--- Available data ---

lemma transfer_nonzero_iff_resolvent:
  assumes "A \<in> carrier_mat n n" and "B \<in> carrier_mat n p" and "C \<in> carrier_mat q n"
  shows "transfer_nonzero A B C \<longleftrightarrow>
    (\<exists>s. det (s \<cdot>\<^sub>m 1\<^sub>m n - complex_mat A) \<noteq> 0 \<and>
      complex_mat C * resolvent (complex_mat A) s * complex_mat B \<noteq> 0\<^sub>m q p)"
proof -
  have dims: "dim_row A = n" "dim_row C = q" "dim_col B = p" using assms by auto
  have "complex_mat A \<in> carrier_mat n n" using assms(1) by simp
  note inverse = inverts_mat_resolvent_iff[OF this]
  show ?thesis
    unfolding transfer_nonzero_def dims conj_assoc[symmetric] inverse by auto
qed

lemma transfer_nonzero_iff_resolvent_notin:
  assumes A: "A \<in> carrier_mat n n" and B: "B \<in> carrier_mat n p" and C: "C \<in> carrier_mat q n"
    and "finite F"
  shows "transfer_nonzero A B C \<longleftrightarrow>
    (\<exists>s. s \<notin> F \<and> det (s \<cdot>\<^sub>m 1\<^sub>m n - complex_mat A) \<noteq> 0 \<and>
      complex_mat C * resolvent (complex_mat A) s * complex_mat B \<noteq> 0\<^sub>m q p)"
proof -
  have "complex_mat A \<in> carrier_mat n n" "complex_mat B \<in> carrier_mat n p" "complex_mat C \<in> carrier_mat q n"
    using assms by auto
  then show ?thesis
    using transfer_nonzero_iff_resolvent[OF A B C] ex_transfer_resolvent_nonzero_notin \<open>finite F\<close>
    by blast
qed

lemma transfer_nonzero_block_diag:
  fixes A B C E F :: "real mat"
  assumes A: "A \<in> carrier_mat n n" and B: "B \<in> carrier_mat n p" and C: "C \<in> carrier_mat q n"
    and E: "E \<in> carrier_mat N p'" and F: "F \<in> carrier_mat q' N" and "0 < N"
  shows "transfer_nonzero (block_diag A (0\<^sub>m N N)) (block_diag B E) (block_diag C F) \<longleftrightarrow>
    transfer_nonzero A B C \<or> F * E \<noteq> 0\<^sub>m q' p'"
proof -
  let ?A = "complex_mat A" and ?B = "complex_mat B" and ?C = "complex_mat C"
    and ?E = "complex_mat E" and ?F = "complex_mat F"
  have cA: "?A \<in> carrier_mat n n" and cB: "?B \<in> carrier_mat n p" and cC: "?C \<in> carrier_mat q n"
    and cE: "?E \<in> carrier_mat N p'" and cF: "?F \<in> carrier_mat q' N"
    using assms by auto
  have complex_block_diag: "complex_mat (block_diag P Q) = block_diag (complex_mat P) (complex_mat Q)" for P Q
    by (simp add: map_block_diag)
  have complex_zero: "complex_mat (0\<^sub>m a b) = 0\<^sub>m a b" for a b by (intro eq_matI) auto
  then have FE: "?F * ?E = 0\<^sub>m q' p' \<longleftrightarrow> F * E = 0\<^sub>m q' p'"
    using of_real_hom.mat_hom_mult[OF F E] of_real_hom.mat_hom_inj[of "F * E" "0\<^sub>m q' p'"] by metis
  have regular: "det (s \<cdot>\<^sub>m 1\<^sub>m (n + N) - complex_mat (block_diag A (0\<^sub>m N N))) \<noteq> 0 \<longleftrightarrow>
      s \<noteq> 0 \<and> det (s \<cdot>\<^sub>m 1\<^sub>m n - ?A) \<noteq> 0" for s
    using det_smult_one_minus_block_diag_zero[OF cA, of s N] \<open>0 < N\<close>
    by (auto simp: complex_block_diag complex_zero)
  have transfer: "complex_mat (block_diag C F) * resolvent (complex_mat (block_diag A (0\<^sub>m N N))) s *
        complex_mat (block_diag B E) \<noteq> 0\<^sub>m (q + q') (p + p') \<longleftrightarrow>
      ?C * resolvent ?A s * ?B \<noteq> 0\<^sub>m q p \<or> F * E \<noteq> 0\<^sub>m q' p'"
    if "s \<noteq> 0" and "det (s \<cdot>\<^sub>m 1\<^sub>m n - ?A) \<noteq> 0" for s
  proof -
    have "?C * resolvent ?A s * ?B \<in> carrier_mat q p" "?F * ?E \<in> carrier_mat q' p'"
      using cA cB cC cE cF by (meson mult_carrier_mat resolvent_carrier_mat)+
    then show ?thesis
      unfolding complex_block_diag complex_zero resolvent_transfer_block_diag[OF cA cB cC cE cF that]
      using block_diag_eq_zero_iff[of "?C * resolvent ?A s * ?B" q p _ q' p']
        smult_mat_eq_zero_iff[of "1 / s" "?F * ?E" q' p'] \<open>s \<noteq> 0\<close> FE
      by auto
  qed
  have "transfer_nonzero (block_diag A (0\<^sub>m N N)) (block_diag B E) (block_diag C F) \<longleftrightarrow>
      (\<exists>s. s \<noteq> 0 \<and> det (s \<cdot>\<^sub>m 1\<^sub>m n - ?A) \<noteq> 0 \<and> (?C * resolvent ?A s * ?B \<noteq> 0\<^sub>m q p \<or> F * E \<noteq> 0\<^sub>m q' p'))"
    using transfer_nonzero_iff_resolvent[of "block_diag A (0\<^sub>m N N)" "n + N" "block_diag B E" "p + p'"
        "block_diag C F" "q + q'"] assms regular transfer
    by auto
  also have "\<dots> \<longleftrightarrow> transfer_nonzero A B C \<or> F * E \<noteq> 0\<^sub>m q' p'"
    using transfer_nonzero_iff_resolvent_notin[OF A B C, of "{0}"] ex_regular_notin[OF cA, of "{0}"]
    by blast
  finally show ?thesis .
qed
(* Let $(R,\mathfrak m)$ be a zero-dimensional Gorenstein local ring and let $I\subseteq\mathfrak m$ be an ideal with $I^r\ne0$ and $I^{r+1}=0$. If the associated graded ring $G(I)=\bigoplus_{i\ge0}I^i/I^{i+1}$ is Gorenstein, then $I^i/I^{i+1}$ is a faithful $(R/I)$-module for $0\le i\le r$. *)

theory Defs
  imports "HOL-Algebra.Algebra"
begin

(* n-th power of an ideal, using the library's ideal product (I^0 = R) *)
definition ideal_pow :: "('a, 'b) ring_scheme \<Rightarrow> 'a set \<Rightarrow> nat \<Rightarrow> 'a set" where
  "ideal_pow R I n = I [^]\<^bsub>ideals_set R\<^esub> n"

definition socle :: "('a, 'b) ring_scheme \<Rightarrow> 'a set \<Rightarrow> 'a set" where
  "socle R m = {x \<in> carrier R. \<forall>y \<in> m. x \<otimes>\<^bsub>R\<^esub> y = \<zero>\<^bsub>R\<^esub>}"

(* zero-dimensional (Noetherian, every prime maximal) local Gorenstein ring:
   the socle is one-dimensional over the residue field, i.e. a simple R-module *)
definition zero_dim_gorenstein_local :: "('a, 'b) ring_scheme \<Rightarrow> bool" where
  "zero_dim_gorenstein_local S \<longleftrightarrow>
     cring S \<and> noetherian_ring S \<and> (\<exists>!m. maximalideal m S) \<and>
     (\<forall>P. primeideal P S \<longrightarrow> maximalideal P S) \<and>
     (\<forall>m. maximalideal m S \<longrightarrow>
        socle S m \<noteq> {\<zero>\<^bsub>S\<^esub>} \<and>
        (\<forall>J. ideal J S \<and> J \<subseteq> socle S m \<longrightarrow> J = {\<zero>\<^bsub>S\<^esub>} \<or> J = socle S m))"

definition rep :: "'a set \<Rightarrow> 'a" where
  "rep A = (SOME a. a \<in> A)"

(* associated graded ring G(I) = \<Oplus>_{i\<ge>0} I^i/I^{i+1}: elements are finitely supported
   sequences of cosets, the n-th entry lying in I^n/I^{n+1} *)
definition assoc_graded :: "('a, 'b) ring_scheme \<Rightarrow> 'a set \<Rightarrow> (nat \<Rightarrow> 'a set) ring" where
  "assoc_graded R I =
    \<lparr> carrier = {f. (\<forall>n. \<exists>a \<in> ideal_pow R I n. f n = a_r_coset R (ideal_pow R I (Suc n)) a)
                    \<and> finite {n. f n \<noteq> ideal_pow R I (Suc n)}},
      monoid.mult = (\<lambda>f g n. a_r_coset R (ideal_pow R I (Suc n))
                 (finsum R (\<lambda>i. rep (f i) \<otimes>\<^bsub>R\<^esub> rep (g (n - i))) {..n})),
      one = (\<lambda>n. if n = 0 then a_r_coset R (ideal_pow R I 1) \<one>\<^bsub>R\<^esub> else ideal_pow R I (Suc n)),
      ring.zero = (\<lambda>n. ideal_pow R I (Suc n)),
      ring.add = (\<lambda>f g n. a_r_coset R (ideal_pow R I (Suc n)) (rep (f n) \<oplus>\<^bsub>R\<^esub> rep (g n))) \<rparr>"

---

- Your task -
Every line in the material above that has the word "open" should be copied.

- Result of this task -
    using transfer_nonzero_iff_resolvent[OF A B C] ex_transfer_resolvent_nonzero_notin \<open>finite F\<close>
    using det_smult_one_minus_block_diag_zero[OF cA, of s N] \<open>0 < N\<close>
        smult_mat_eq_zero_iff[of "1 / s" "?F * ?E" q' p'] \<open>s \<noteq> 0\<close> FE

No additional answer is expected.